Load Balancing Best Practices for Persistence

Solution 1:

The canonical solution to this is to not rely on end user IP address, but instead use a Layer 7 (HTTP/HTTPS) load balancer with "Sticky Sessions" via a cookie.

Sticky sessions means the load balancer will always direct a given client to the same backend server. Via cookie means the load balancer (which is itself a fully capable HTTP device) inserts a cookie (which the load balancer creates and manages automagically) to remember which backend server a given HTTP connection should use.

The main downside to sticky sessions is that beckend server load can become somewhat un-even. The load balancer can only distribute load fairly when new connections are made, but given that existing connections may be long-lived in your scenario, then in some time periods load will not be distributed entirely fairly.

Just about every Layer 7 load balancer should be able to do this. On Unix/Linux, some common examples are nginx, HAProxy, Apsis Pound, Apache 2.2 with mod_proxy, and many more. On Windows 2008+ there is Microsoft Application Request Routing. As appliances, Coyote Point, loadbalancer.org, Kemp and Barracuda are common in the low-end space; and F5, Citrix NetScaler and others in high-end.

Willy Tarreau, the author of HAProxy, has a nice overview of load balancing techniques here.

About the DNS Round Robin:

Our intent was for the Round Robin DNS TTL value for our api.company.com (which we've set at 1 hour) to be honored by the downstream caching nameservers, OS caching layers, and client application layers.

It will not be. And DNS Round Robin isn't a good fit for load balancing. And if nothing else convinces you, keep in mind that modern clients may prefer one host over all others due to longest prefix match pinning, so if the mobile client changes IP address, it may choose to switch to another RR host.

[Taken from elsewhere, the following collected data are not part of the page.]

(* Let $p\ge3$ and let $\{(a_j,b_j)\}_{j\ge1}$ be a $p$-periodic sequence with $a_j>0$, $b_j\in\mathbb{R}$. Let $m$ be the discrete $m$-function with continued fraction coefficients $\{(a_j,b_j)\}_{j\ge1}$, and let $m^-$ be the discrete $m$-function whose continued fraction coefficients are purely periodic with one period given by \[ (a_{p-1},b_p),(a_{p-2},b_{p-1}),\ldots,(a_1,b_2),(a_p,b_1). \] For $N\in\mathbb{N}$ let $m_N$ denote the discrete $m$-function with continued fraction coefficients $\{(a_n,b_n)\}_{n\ge N+1}$. Then for $\ell\in\{1,\ldots,p-2\}$, the sequence $\{(a_j,b_j)\}$ is doubly palindromic with period $p$ and first length $\ell$ if and only if $m^-=m_{\ell+1}$.
   Context: A discrete $m$-function is a function $m(z)=\int\frac{d\rho(x)}{x-z}$ on $\mathbb{C}_+=\{z:\operatorname{Im} z>0\}$, where $\rho$ is a probability measure on $\mathbb{R}$ with compact support. Such $m$ has a unique continued fraction expansion \[ m(z)=\cfrac{1}{b_1-z-\cfrac{a_1^2}{b_2-z-\cfrac{a_2^2}{b_3-z-\cdots}}} \] valid on $\mathbb{C}_+$, with bounded sequences $a_n>0$, $b_n\in\mathbb{R}$; the pairs $\{(a_n,b_n)\}_{n\ge1}$ are its continued fraction coefficients, and conversely every bounded such sequence is the coefficient sequence of a unique discrete $m$-function. Doubly palindromic: a $p$-periodic sequence $\{(a_j,b_j)\}$ is doubly palindromic with period $p$ and first length $\ell$ ($1\le\ell\le p-2$) if the word $a_1a_2\cdots a_p$ is the concatenation of a palindrome of length $\ell$ and a palindrome of length $p-\ell$, and the word $b_1b_2\cdots b_p$ is the concatenation of a palindrome of length $\ell+1$ and a palindrome of length $p-\ell-1$. *)

theory Defs
  imports "HOL-Analysis.Analysis"
begin

text \<open>Sequences are indexed from 1: a j, b j for j \<ge> 1 (index 0 unused).\<close>

fun cf_trunc :: "(nat \<Rightarrow> real) \<Rightarrow> (nat \<Rightarrow> real) \<Rightarrow> nat \<Rightarrow> nat \<Rightarrow> complex \<Rightarrow> complex" where
  "cf_trunc a b 0 k z = 0"
| "cf_trunc a b (Suc n) k z =
     1 / (complex_of_real (b k) - z - complex_of_real ((a k)^2) * cf_trunc a b n (Suc k) z)"

text \<open>The discrete m-function whose continued fraction coefficients are {(a_j,b_j)}_{j\<ge>k},
  i.e. the value of the (convergent, for bounded coefficients) continued fraction on C_+.\<close>
definition mfun :: "(nat \<Rightarrow> real) \<Rightarrow> (nat \<Rightarrow> real) \<Rightarrow> nat \<Rightarrow> complex \<Rightarrow> complex" where
  "mfun a b k z = lim (\<lambda>n. cf_trunc a b n k z)"

definition periodic_seq :: "(nat \<Rightarrow> real) \<Rightarrow> nat \<Rightarrow> bool" where
  "periodic_seq f p \<longleftrightarrow> (\<forall>j\<ge>1. f (j + p) = f j)"

definition palindrome :: "'a list \<Rightarrow> bool" where
  "palindrome w \<longleftrightarrow> rev w = w"

definition word :: "(nat \<Rightarrow> real) \<Rightarrow> nat \<Rightarrow> real list" where
  "word f p = map f [1..<p+1]"

definition doubly_palindromic ::
  "(nat \<Rightarrow> real) \<Rightarrow> (nat \<Rightarrow> real) \<Rightarrow> nat \<Rightarrow> nat \<Rightarrow> bool" where
  "doubly_palindromic a b p l \<longleftrightarrow>
     periodic_seq a p \<and> periodic_seq b p \<and> 1 \<le> l \<and> l + 2 \<le> p \<and>
     palindrome (take l (word a p)) \<and> palindrome (drop l (word a p)) \<and>
     palindrome (take (l+1) (word b p)) \<and> palindrome (drop (l+1) (word b p))"

text \<open>Reflected coefficients: purely periodic with one period
  (a_(p-1),b_p),(a_(p-2),b_(p-1)),...,(a_1,b_2),(a_p,b_1).\<close>
definition refl_a :: "(nat \<Rightarrow> real) \<Rightarrow> nat \<Rightarrow> nat \<Rightarrow> real" where
  "refl_a a p j = (let i = (j - 1) mod p in if i = p - 1 then a p else a (p - 1 - i))"

definition refl_b :: "(nat \<Rightarrow> real) \<Rightarrow> nat \<Rightarrow> nat \<Rightarrow> real" where
  "refl_b b p j = b (p - (j - 1) mod p)"

end

theory Submission
  imports Defs
begin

Basically, it's okay to use DNS round robin as a coarse-grained load distribution, by pointing 2 or more RR records to highly available IP addresses, handled by real load balancers in active/passive or active/active HA. And if that's what you're doing, then you might as well serve those DNS RR records with long Time To Live values, since the associated IP addresses are highly available already.

Solution 2:

To answer your question about alternatives: You can get solid layer-7 load balancing through HAProxy.

As far as fixing the LVS affinity issues, I'm a bit dry on solid ideas. It could be as simple as a timeout or overflow. Some mobile clients will switch IP addresses while they're connected to the network; perhaps this may be the source of your woes? I would suggest, at the very least, that you spread the affinity granularity out to at least a class C.